▶ **WORK TO BE COMPLETED**
The job is to find each line of the records below that includes the word "multiplication" and copy it.
━━━ DATA EXTRACT
text \<open>Each \<open>\<Phi>\<^sub>J\<close> is \<open>x\<^sup>\<mu> \<Sum>\<^sub>n c\<^sub>n x\<^sup>n\<close> with coefficients that stay absolutely summable on \<open>\<bbbD>\<close> after
  multiplication by any polynomial in \<open>n\<close> (a multinomial estimate and subexponential growth of the
  Pochhammer quotients). Hence the Euler operators act termwise, \<open>\<theta>\<^sub>k\<close> multiplying \<open>c\<^sub>n\<close> by \<open>\<mu>\<^sub>k + n\<^sub>k\<close>,
  both sides of the \<open>k\<close>-th equation become series of the same shape, and comparing coefficients
  leaves the recurrence of the \<open>F\<^sub>C\<close>-coefficients with lower parameters \<open>\<eta>\<^sub>j\<^sub>k(b\<^sub>k)\<close>.

  For independence write \<open>x\<^sub>k = e\<^sup>s\<^sup>\<^sub>k x\<^sub>0\<^sub>k\<close>. A vanishing combination \<open>\<Sum>\<^sub>J w\<^sub>J \<Phi>\<^sub>J\<close> continues analytically
  to a product of half-planes \<open>Re s\<^sub>k < \<delta>\<close>, where \<open>s \<mapsto> s + 2\<pi>i n\<close> multiplies the \<open>J\<close>-th term by the
  character \<open>\<Prod>\<^sub>k e\<^sup>2\<^sup>\<pi>\<^sup>i\<^sup>\<mu>\<^sup>\<^sub>J\<^sub>,\<^sub>k\<^sup>n\<^sup>\<^sub>k\<close> of \<open>\<nat>\<^sup>m\<close>. By (C2) these characters are distinct, so every term
  vanishes by itself, whereas each series tends to its leading coefficient \<open>1\<close> at the origin.\<close>

section \<open>Multiple power series on the domain \<open>domD p\<close>\<close>

definition mpow :: "complex^'m::finite \<Rightarrow> ('m \<Rightarrow> nat) \<Rightarrow> complex" where
  "mpow x n = (\<Prod>k\<in>UNIV. (x$k) ^ n k)"

definition mpow_real :: "('m::finite \<Rightarrow> real) \<Rightarrow> ('m \<Rightarrow> nat) \<Rightarrow> real" where
  "mpow_real r n = (\<Prod>k\<in>UNIV. r k ^ n k)"

definition mdeg :: "('m::finite \<Rightarrow> nat) \<Rightarrow> nat" where
  "mdeg n = (\<Sum>k\<in>UNIV. n k)"

definition norms :: "complex^'m::finite \<Rightarrow> 'm \<Rightarrow> real" where
  "norms x = (\<lambda>k. norm (x$k))"

definition radii_dom :: "nat \<Rightarrow> ('m::finite \<Rightarrow> real) set" where
  "radii_dom p = {r. (\<forall>k. 0 \<le> r k) \<and> (\<Sum>k\<in>UNIV. r k powr (1 / real p)) < 1}"

text \<open>The polynomial weights make this class stable under the Euler operators \<open>\<theta>\<^sub>k\<close>, which act on
  coefficients as multiplication by \<open>n\<^sub>k\<close>.\<close>
definition rapid :: "nat \<Rightarrow> (('m::finite \<Rightarrow> nat) \<Rightarrow> complex) \<Rightarrow> bool" where
  "rapid p c \<longleftrightarrow> (\<forall>r\<in>radii_dom p. \<forall>d::nat.
      (\<lambda>n. (real (mdeg n) + 1) ^ d * (norm (c n) * mpow_real r n)) summable_on UNIV)"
━━━━━━
▶ **EXERCISE SOLUTION**
  multiplication by any polynomial in \<open>n\<close> (a multinomial estimate and subexponential growth of the
  coefficients as multiplication by \<open>n\<^sub>k\<close>.\<close>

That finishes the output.